**RECORDS FOR THIS EXERCISE**
┌──

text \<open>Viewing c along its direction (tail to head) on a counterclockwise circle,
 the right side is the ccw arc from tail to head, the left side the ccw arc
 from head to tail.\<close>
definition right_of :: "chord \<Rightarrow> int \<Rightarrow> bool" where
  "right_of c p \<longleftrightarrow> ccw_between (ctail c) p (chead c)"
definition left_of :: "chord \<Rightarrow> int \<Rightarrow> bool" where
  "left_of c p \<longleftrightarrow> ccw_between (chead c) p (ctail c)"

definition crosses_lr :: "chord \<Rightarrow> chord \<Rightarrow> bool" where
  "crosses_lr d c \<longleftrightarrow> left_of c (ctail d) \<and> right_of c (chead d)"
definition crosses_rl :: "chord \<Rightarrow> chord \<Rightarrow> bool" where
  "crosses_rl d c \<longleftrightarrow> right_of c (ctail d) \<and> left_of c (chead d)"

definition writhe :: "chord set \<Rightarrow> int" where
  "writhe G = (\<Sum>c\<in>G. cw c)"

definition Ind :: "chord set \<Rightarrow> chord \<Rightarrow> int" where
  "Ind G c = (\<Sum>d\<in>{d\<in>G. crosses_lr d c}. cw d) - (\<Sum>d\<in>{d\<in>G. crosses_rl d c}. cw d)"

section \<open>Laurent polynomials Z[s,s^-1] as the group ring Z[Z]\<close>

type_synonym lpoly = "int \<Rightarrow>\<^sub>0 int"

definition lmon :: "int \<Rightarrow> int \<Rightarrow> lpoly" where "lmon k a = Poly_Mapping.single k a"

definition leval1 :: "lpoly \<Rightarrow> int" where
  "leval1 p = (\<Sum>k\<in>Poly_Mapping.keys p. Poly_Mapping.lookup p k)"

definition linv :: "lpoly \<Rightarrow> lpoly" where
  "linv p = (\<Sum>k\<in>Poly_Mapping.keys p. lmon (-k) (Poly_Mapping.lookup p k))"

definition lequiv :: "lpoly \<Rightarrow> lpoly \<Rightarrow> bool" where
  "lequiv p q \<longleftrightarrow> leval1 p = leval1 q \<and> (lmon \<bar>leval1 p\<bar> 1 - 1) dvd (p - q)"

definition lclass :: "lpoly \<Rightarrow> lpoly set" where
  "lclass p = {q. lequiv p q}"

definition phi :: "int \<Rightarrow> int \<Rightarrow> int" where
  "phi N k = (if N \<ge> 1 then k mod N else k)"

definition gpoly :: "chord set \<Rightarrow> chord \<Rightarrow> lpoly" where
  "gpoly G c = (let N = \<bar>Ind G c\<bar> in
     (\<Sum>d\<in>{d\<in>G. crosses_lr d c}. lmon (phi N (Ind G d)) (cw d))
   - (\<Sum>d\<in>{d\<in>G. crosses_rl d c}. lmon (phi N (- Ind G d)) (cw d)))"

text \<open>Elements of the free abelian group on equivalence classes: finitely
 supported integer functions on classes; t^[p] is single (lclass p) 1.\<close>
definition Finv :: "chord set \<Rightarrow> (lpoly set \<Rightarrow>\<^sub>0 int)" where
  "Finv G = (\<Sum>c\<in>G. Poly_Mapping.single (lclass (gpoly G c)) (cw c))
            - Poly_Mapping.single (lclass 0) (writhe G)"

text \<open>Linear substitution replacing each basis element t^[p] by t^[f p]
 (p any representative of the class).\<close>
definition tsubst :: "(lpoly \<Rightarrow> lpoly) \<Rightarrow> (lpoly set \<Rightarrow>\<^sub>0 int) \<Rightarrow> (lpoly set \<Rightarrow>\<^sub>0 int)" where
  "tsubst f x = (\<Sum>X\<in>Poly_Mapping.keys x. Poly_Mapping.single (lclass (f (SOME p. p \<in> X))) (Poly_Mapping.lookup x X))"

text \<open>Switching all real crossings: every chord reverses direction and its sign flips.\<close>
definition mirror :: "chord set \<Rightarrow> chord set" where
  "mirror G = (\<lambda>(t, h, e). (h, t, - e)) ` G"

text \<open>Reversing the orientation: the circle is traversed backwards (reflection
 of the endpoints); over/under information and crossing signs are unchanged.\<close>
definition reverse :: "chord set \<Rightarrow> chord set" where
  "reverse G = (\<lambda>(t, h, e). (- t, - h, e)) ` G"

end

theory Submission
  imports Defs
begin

└──
┌──

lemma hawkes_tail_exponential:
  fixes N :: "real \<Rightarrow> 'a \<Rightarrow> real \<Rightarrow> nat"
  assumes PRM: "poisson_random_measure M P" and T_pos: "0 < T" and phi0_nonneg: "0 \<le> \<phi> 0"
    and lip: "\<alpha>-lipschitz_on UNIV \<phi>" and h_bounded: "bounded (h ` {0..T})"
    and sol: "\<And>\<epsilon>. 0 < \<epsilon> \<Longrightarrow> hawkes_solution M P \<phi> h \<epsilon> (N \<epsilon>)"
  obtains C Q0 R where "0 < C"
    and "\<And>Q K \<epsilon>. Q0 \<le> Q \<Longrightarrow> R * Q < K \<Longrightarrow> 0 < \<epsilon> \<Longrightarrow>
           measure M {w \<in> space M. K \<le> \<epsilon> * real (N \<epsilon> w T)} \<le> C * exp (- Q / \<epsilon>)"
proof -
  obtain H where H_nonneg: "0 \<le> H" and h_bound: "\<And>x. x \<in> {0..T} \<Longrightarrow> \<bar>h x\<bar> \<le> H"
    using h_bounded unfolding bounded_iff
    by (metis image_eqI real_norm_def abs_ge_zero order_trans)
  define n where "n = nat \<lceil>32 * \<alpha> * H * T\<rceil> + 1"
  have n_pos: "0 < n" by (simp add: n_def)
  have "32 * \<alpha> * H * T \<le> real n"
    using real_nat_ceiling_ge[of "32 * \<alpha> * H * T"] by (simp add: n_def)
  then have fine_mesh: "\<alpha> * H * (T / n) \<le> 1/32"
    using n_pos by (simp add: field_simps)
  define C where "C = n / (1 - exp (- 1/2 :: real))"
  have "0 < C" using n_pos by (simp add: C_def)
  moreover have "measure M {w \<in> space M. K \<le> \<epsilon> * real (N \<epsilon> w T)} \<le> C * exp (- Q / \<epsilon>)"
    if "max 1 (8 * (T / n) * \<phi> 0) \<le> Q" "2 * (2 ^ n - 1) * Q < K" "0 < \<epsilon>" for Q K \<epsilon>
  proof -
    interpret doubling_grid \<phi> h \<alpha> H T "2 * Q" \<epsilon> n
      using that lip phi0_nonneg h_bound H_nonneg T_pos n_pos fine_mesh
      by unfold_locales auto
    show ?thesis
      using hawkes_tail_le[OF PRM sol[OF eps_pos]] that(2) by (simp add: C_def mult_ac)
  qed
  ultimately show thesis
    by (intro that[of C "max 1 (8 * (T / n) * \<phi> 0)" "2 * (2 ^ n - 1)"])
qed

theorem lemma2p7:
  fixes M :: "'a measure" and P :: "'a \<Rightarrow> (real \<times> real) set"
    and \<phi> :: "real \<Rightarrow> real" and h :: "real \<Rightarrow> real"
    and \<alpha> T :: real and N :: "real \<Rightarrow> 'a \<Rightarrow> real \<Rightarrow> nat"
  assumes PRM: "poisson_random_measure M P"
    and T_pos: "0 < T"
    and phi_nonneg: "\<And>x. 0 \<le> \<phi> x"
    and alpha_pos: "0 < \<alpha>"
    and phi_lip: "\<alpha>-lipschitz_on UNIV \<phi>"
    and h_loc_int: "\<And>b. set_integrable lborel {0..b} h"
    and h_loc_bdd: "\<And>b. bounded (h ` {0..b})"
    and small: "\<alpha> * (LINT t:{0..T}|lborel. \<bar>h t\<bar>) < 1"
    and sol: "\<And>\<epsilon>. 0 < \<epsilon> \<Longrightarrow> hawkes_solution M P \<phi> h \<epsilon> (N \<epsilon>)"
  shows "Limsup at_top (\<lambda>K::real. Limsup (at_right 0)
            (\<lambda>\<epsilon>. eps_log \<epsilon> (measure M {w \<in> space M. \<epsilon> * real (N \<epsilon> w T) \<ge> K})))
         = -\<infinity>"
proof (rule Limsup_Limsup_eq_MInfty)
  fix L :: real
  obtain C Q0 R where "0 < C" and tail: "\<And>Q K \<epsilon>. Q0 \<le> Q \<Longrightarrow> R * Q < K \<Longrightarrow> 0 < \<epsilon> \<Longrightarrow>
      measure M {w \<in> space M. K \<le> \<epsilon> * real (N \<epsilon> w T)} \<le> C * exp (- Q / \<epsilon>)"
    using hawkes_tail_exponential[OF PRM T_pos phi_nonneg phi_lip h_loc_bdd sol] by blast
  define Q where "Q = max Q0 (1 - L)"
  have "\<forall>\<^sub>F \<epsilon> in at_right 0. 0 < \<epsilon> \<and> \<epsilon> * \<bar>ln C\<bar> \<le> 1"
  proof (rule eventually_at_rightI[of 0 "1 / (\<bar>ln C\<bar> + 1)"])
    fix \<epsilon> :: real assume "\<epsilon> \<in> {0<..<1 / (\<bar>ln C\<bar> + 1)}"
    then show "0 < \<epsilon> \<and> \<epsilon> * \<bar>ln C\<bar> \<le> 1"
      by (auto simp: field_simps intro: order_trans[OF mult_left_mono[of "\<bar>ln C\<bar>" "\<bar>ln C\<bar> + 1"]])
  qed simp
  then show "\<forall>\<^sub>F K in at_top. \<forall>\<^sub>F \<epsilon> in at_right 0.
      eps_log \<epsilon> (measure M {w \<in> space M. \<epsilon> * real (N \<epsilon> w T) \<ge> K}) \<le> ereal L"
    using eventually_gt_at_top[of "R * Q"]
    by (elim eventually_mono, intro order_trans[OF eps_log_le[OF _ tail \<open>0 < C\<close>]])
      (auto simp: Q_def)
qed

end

└──
┌──

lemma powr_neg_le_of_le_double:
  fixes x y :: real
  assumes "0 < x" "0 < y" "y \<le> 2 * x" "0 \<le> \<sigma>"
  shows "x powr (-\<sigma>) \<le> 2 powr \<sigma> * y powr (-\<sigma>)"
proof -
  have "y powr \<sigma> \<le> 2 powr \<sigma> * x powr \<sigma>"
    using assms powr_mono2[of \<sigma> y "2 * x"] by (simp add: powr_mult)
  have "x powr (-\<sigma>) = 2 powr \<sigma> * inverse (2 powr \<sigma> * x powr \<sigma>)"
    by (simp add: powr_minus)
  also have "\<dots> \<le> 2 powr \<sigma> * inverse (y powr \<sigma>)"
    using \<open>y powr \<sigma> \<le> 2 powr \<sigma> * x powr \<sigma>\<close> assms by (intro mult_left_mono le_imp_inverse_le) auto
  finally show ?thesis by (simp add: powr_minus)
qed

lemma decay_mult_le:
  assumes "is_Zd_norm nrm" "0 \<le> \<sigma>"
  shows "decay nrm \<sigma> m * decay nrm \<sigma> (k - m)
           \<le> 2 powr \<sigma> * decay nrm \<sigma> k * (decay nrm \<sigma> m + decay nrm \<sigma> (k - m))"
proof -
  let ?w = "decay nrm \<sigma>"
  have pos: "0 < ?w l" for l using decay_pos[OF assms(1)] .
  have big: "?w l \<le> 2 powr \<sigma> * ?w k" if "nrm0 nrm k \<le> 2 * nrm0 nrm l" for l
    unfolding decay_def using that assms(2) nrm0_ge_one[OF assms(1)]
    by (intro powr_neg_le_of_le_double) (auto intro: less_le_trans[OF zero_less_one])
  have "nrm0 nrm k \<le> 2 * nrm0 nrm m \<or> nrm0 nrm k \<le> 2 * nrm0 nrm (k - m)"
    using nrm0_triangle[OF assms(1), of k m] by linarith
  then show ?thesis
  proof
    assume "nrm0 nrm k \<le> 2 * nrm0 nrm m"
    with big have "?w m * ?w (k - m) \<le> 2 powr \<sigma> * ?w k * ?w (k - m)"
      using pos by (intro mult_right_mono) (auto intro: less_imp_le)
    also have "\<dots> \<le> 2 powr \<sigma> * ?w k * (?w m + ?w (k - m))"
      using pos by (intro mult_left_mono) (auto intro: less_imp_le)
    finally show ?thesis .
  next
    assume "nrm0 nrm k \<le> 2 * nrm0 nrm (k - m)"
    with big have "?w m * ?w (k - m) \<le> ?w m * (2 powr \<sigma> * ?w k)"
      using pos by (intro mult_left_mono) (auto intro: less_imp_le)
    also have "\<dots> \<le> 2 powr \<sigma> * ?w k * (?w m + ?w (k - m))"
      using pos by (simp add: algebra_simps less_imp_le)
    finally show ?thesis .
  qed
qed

└──

**WHAT NEEDS TO BE DONE**
Look above for the line containing "(if N \<ge>" and the line containing "h, e). (h, t, - e))". Transcribe both, with the lines between them, exactly.

**TASK RESPONSE**
  "phi N k = (if N \<ge> 1 then k mod N else k)"

definition gpoly :: "chord set \<Rightarrow> chord \<Rightarrow> lpoly" where
  "gpoly G c = (let N = \<bar>Ind G c\<bar> in
     (\<Sum>d\<in>{d\<in>G. crosses_lr d c}. lmon (phi N (Ind G d)) (cw d))
   - (\<Sum>d\<in>{d\<in>G. crosses_rl d c}. lmon (phi N (- Ind G d)) (cw d)))"

text \<open>Elements of the free abelian group on equivalence classes: finitely
 supported integer functions on classes; t^[p] is single (lclass p) 1.\<close>
definition Finv :: "chord set \<Rightarrow> (lpoly set \<Rightarrow>\<^sub>0 int)" where
  "Finv G = (\<Sum>c\<in>G. Poly_Mapping.single (lclass (gpoly G c)) (cw c))
            - Poly_Mapping.single (lclass 0) (writhe G)"

text \<open>Linear substitution replacing each basis element t^[p] by t^[f p]
 (p any representative of the class).\<close>
definition tsubst :: "(lpoly \<Rightarrow> lpoly) \<Rightarrow> (lpoly set \<Rightarrow>\<^sub>0 int) \<Rightarrow> (lpoly set \<Rightarrow>\<^sub>0 int)" where
  "tsubst f x = (\<Sum>X\<in>Poly_Mapping.keys x. Poly_Mapping.single (lclass (f (SOME p. p \<in> X))) (Poly_Mapping.lookup x X))"

text \<open>Switching all real crossings: every chord reverses direction and its sign flips.\<close>
definition mirror :: "chord set \<Rightarrow> chord set" where
  "mirror G = (\<lambda>(t, h, e). (h, t, - e)) ` G"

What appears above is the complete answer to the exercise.